━━ Dataset records

text \<open>
  Let \<open>v = \<Sum>_j w_j^[0] \<otimes> ... \<otimes> w_j^[n]\<close> and take the index set \<open>I\<close> to be (a code of)
  \<open>J \<times> G\<close>. As \<open>G\<close> acts freely on the facet copies, every copy is \<open>g x0\<close> for a unique \<open>g\<close>
  and the representative \<open>x0\<close> of its orbit; the pair \<open>(j, h)\<close> labels it by \<open>(j, h g)\<close>.
  At vertex \<open>i\<close> the restriction of the labelling of \<open>(j, h)\<close> gets the local vector
  \<open>c w_j^[h i]\<close> and every other local labelling gets 0, which is \<open>G\<close>-equivariant.
  By connectedness the global labellings of the first kind at every vertex are exactly those of the
  pairs \<open>(j, h)\<close>, so the decomposition sums to
  \<open>c^(n+1) \<Sum>_h \<Sum>_j \<otimes>_i w_j^[h i] = c^(n+1) |G| v\<close> by invariance, which is \<open>v\<close> for
  \<open>c = |G|^(-1/(n+1))\<close>. Finiteness of the rank follows by expanding \<open>v\<close> in the product basis.
\<close>

section \<open>Free group actions\<close>

sublocale group_action \<subseteq> group G
  by (rule group_hom.axioms(1)[OF group_hom])

context group_action
begin

lemma action_inv_left: "g \<in> carrier G \<Longrightarrow> x \<in> E \<Longrightarrow> \<phi> (inv g) (\<phi> g x) = x"
  using orbit_sym_aux by blast

lemma action_inv_right: "g \<in> carrier G \<Longrightarrow> x \<in> E \<Longrightarrow> \<phi> g (\<phi> (inv g) x) = x"
  using action_inv_left[of "inv g" x] by simp

lemma action_closed: "g \<in> carrier G \<Longrightarrow> x \<in> E \<Longrightarrow> \<phi> g x \<in> E"
  using element_image by blast

lemma orbit_action:
  assumes g: "g \<in> carrier G" and x: "x \<in> E"
  shows "orbit G \<phi> (\<phi> g x) = orbit G \<phi> x"
proof -
  have "\<phi> h (\<phi> g x) = \<phi> (h \<otimes> g) x" if "h \<in> carrier G" for h
    using composition_rule[OF x that g] by simp
  moreover have "\<phi> h x = \<phi> (h \<otimes> inv g) (\<phi> g x)" if "h \<in> carrier G" for h
    using composition_rule[OF action_closed[OF g x] that inv_closed[OF g]] action_inv_left[OF g x]
    by simp
  ultimately show ?thesis
    unfolding orbit_def using g by (blast intro: m_closed inv_closed)
qed

end

locale free_group_action = group_action +
  assumes free: "\<lbrakk>g \<in> carrier G; x \<in> E; \<phi> g x = x\<rbrakk> \<Longrightarrow> g = \<one>"
begin

lemma action_eq_imp_eq:
  assumes "g \<in> carrier G" "h \<in> carrier G" "x \<in> E" "\<phi> g x = \<phi> h x"
  shows "g = h"
proof -
  have "\<phi> (inv h \<otimes> g) x = x"
    using assms composition_rule[OF assms(3) inv_closed[OF assms(2)] assms(1)] action_inv_left
    by simp
  then have "inv h \<otimes> g = \<one>"
    using free assms by simp
  then show ?thesis
    using inv_solve_left'[of \<one> h g] assms by simp
qed

lemma finite_carrier:
  assumes "finite E" "x \<in> E"
  shows "finite (carrier G)"
proof (rule finite_imageD)
  show "inj_on (\<lambda>g. \<phi> g x) (carrier G)"
    using action_eq_imp_eq assms(2) by (meson inj_onI)
  show "finite ((\<lambda>g. \<phi> g x) ` carrier G)"
    using assms action_closed by (meson finite_subset image_subsetI)
qed

definition orbit_rep where
  "orbit_rep x = (SOME y. y \<in> orbit G \<phi> x)"

definition orbit_coord where
  "orbit_coord x = (THE g. g \<in> carrier G \<and> \<phi> g (orbit_rep x) = x)"

lemma orbit_rep_action: "g \<in> carrier G \<Longrightarrow> x \<in> E \<Longrightarrow> orbit_rep (\<phi> g x) = orbit_rep x"
  unfolding orbit_rep_def by (simp add: orbit_action)

lemma orbit_rep_props:
  assumes x: "x \<in> E"
  shows orbit_rep_closed: "orbit_rep x \<in> E"
    and orbit_rep_moves_to: "\<exists>g\<in>carrier G. \<phi> g (orbit_rep x) = x"
proof -
  have "orbit_rep x \<in> orbit G \<phi> x"
    unfolding orbit_rep_def using orbit_refl[OF x] by (rule someI)
  then obtain h where h: "h \<in> carrier G" "orbit_rep x = \<phi> h x"
    unfolding orbit_def by blast
  then show "orbit_rep x \<in> E"
    using x action_closed by simp
  have "\<phi> (inv h) (orbit_rep x) = x"
    using h x action_inv_left by simp
  then show "\<exists>g\<in>carrier G. \<phi> g (orbit_rep x) = x"
    using inv_closed[OF h(1)] by blast
qed

lemma orbit_coord_props:
  assumes x: "x \<in> E"
  shows orbit_coord_closed: "orbit_coord x \<in> carrier G"
    and action_orbit_coord: "\<phi> (orbit_coord x) (orbit_rep x) = x"
proof -
  obtain g where g: "g \<in> carrier G" "\<phi> g (orbit_rep x) = x"
    using orbit_rep_moves_to[OF x] by blast
  have "h = g" if "h \<in> carrier G" "\<phi> h (orbit_rep x) = x" for h
    using action_eq_imp_eq[of h g "orbit_rep x"] g that orbit_rep_closed[OF x] by simp
  with g have "\<exists>!g. g \<in> carrier G \<and> \<phi> g (orbit_rep x) = x"
    by blast
  then have "orbit_coord x \<in> carrier G \<and> \<phi> (orbit_coord x) (orbit_rep x) = x"
    unfolding orbit_coord_def by (rule theI')
  then show "orbit_coord x \<in> carrier G" "\<phi> (orbit_coord x) (orbit_rep x) = x"
    by blast+
qed

lemma orbit_coord_action:
  assumes g: "g \<in> carrier G" and x: "x \<in> E"
  shows "orbit_coord (\<phi> g x) = g \<otimes> orbit_coord x"
proof (rule action_eq_imp_eq)
  have gx: "\<phi> g x \<in> E"
    using g x by (rule action_closed)
  have "\<phi> (orbit_coord (\<phi> g x)) (orbit_rep x) = \<phi> g x"
    using action_orbit_coord[OF gx] orbit_rep_action[OF g x] by simp
  also have "\<dots> = \<phi> (g \<otimes> orbit_coord x) (orbit_rep x)"
    using composition_rule[OF orbit_rep_closed[OF x] g orbit_coord_closed[OF x]]
      action_orbit_coord[OF x] by simp
  finally show "\<phi> (orbit_coord (\<phi> g x)) (orbit_rep x) = \<phi> (g \<otimes> orbit_coord x) (orbit_rep x)" .
  show "orbit_coord (\<phi> g x) \<in> carrier G" "g \<otimes> orbit_coord x \<in> carrier G"
    using gx g x orbit_coord_closed by auto
  show "orbit_rep x \<in> E"
    using x orbit_rep_closed by blast
qed

end

section \<open>Facets and their copies\<close>

lemma facet_subset: "facet n \<Omega> F \<Longrightarrow> F \<subseteq> {..n}"
  unfolding facet_def simplex_def by blast

lemma simplex_imp_facet_superset:
  assumes "simplex n \<Omega> S"
  shows "\<exists>F. facet n \<Omega> F \<and> S \<subseteq> F"
proof -
  define A where "A = {U. simplex n \<Omega> U \<and> S \<subseteq> U}"
  have "finite A"
    by (rule finite_subset[of _ "Pow {..n}"]) (auto simp: A_def simplex_def)
  moreover have "A \<noteq> {}"
    using assms unfolding A_def by blast
  ultimately obtain F where F: "F \<in> A" and max: "\<forall>U\<in>A. F \<subseteq> U \<longrightarrow> F = U"
    using finite_has_maximal by blast
  have "facet n \<Omega> F"
    unfolding facet_def using F max by (auto simp: A_def)
  then show ?thesis
    using F unfolding A_def by blast
qed

lemma wsc_singleton_simplex: "wsc n \<Omega> \<Longrightarrow> i \<le> n \<Longrightarrow> simplex n \<Omega> {i}"
  unfolding wsc_def simplex_def by auto

lemma wsc_facet_nonempty:
  assumes "wsc n \<Omega>" "facet n \<Omega> F"
  shows "F \<noteq> {}"
  using assms wsc_singleton_simplex[OF assms(1), of 0] unfolding facet_def by blast

lemma finite_tF: "finite (tF n \<Omega>)"
  by (rule finite_subset[of _ "SIGMA F:Pow {..n}. {..<\<Omega> F}"])
    (auto simp: tF_def facet_def simplex_def)

lemma facet_in_tFi:
  assumes "facet n \<Omega> F" "i \<in> F"
  shows "(F, 0) \<in> tFi n \<Omega> i"
  using assms unfolding tFi_def tF_def facet_def simplex_def by auto

lemma tFi_subset: "tFi n \<Omega> i \<subseteq> tF n \<Omega>"
  unfolding tFi_def by blast

lemma wsc_tFi_nonempty:
  assumes "wsc n \<Omega>" "i \<le> n"
  shows "tFi n \<Omega> i \<noteq> {}"
  using simplex_imp_facet_superset[OF wsc_singleton_simplex[OF assms]] facet_in_tFi by blast

lemma wsc_tF_covered:
  assumes "wsc n \<Omega>" "x \<in> tF n \<Omega>"
  obtains i where "i \<le> n" "x \<in> tFi n \<Omega> i"
proof -
  have "facet n \<Omega> (fst x)"
    using assms(2) unfolding tF_def by auto
  then obtain i where "i \<in> fst x" "i \<le> n"
    using wsc_facet_nonempty[OF assms(1)] facet_subset by blast
  then show ?thesis
    using that assms(2) unfolding tFi_def by blast
qed

lemma wsc_connected_constant:
  assumes "wsc_connected n \<Omega>"
    and facet_const: "\<And>F a b. facet n \<Omega> F \<Longrightarrow> a \<in> F \<Longrightarrow> b \<in> F \<Longrightarrow> f a = f b"
    and "i \<le> n" "j \<le> n"
  shows "f i = f j"
proof -
  let ?R = "\<lambda>a b. a \<le> n \<and> b \<le> n \<and> (\<exists>F. facet n \<Omega> F \<and> a \<in> F \<and> b \<in> F)"
  have "?R\<^sup>*\<^sup>* i j"
    using assms unfolding wsc_connected_def by blast
  then show ?thesis
    by induction (use facet_const in metis)+
qed

section \<open>Elementary tensors and invariance\<close>

lemma sum_fun_apply: "(\<Sum>i\<in>A. f i) x = (\<Sum>i\<in>A. f i x)"
  by (induction A rule: infinite_finite_induct) auto

lemma etensor_cong: "(\<And>i. i \<le> n \<Longrightarrow> f i = g i) \<Longrightarrow> etensor n f = etensor n g"
  unfolding etensor_def by (intro ext prod.cong refl if_cong) auto

lemma etensor_eq_0:
  assumes "i \<le> n" "f i = (\<lambda>_. 0)"
  shows "etensor n f = 0"
proof -
  have "(\<Prod>k\<le>n. f k (x k)) = 0" for x
    using assms by (intro prod_zero) (auto intro!: bexI[of _ i])
  then show ?thesis
    unfolding etensor_def by auto
qed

━━━━

> [What this task involves]
In the data above, start at the line that has "using action_eq_imp_eq assms(2)", stop after the line that has "x = (THE g.", and print every line in between exactly as it stands.

> [Result below]
    using action_eq_imp_eq assms(2) by (meson inj_onI)
  show "finite ((\<lambda>g. \<phi> g x) ` carrier G)"
    using assms action_closed by (meson finite_subset image_subsetI)
qed

definition orbit_rep where
  "orbit_rep x = (SOME y. y \<in> orbit G \<phi> x)"

definition orbit_coord where
  "orbit_coord x = (THE g. g \<in> carrier G \<and> \<phi> g (orbit_rep x) = x)"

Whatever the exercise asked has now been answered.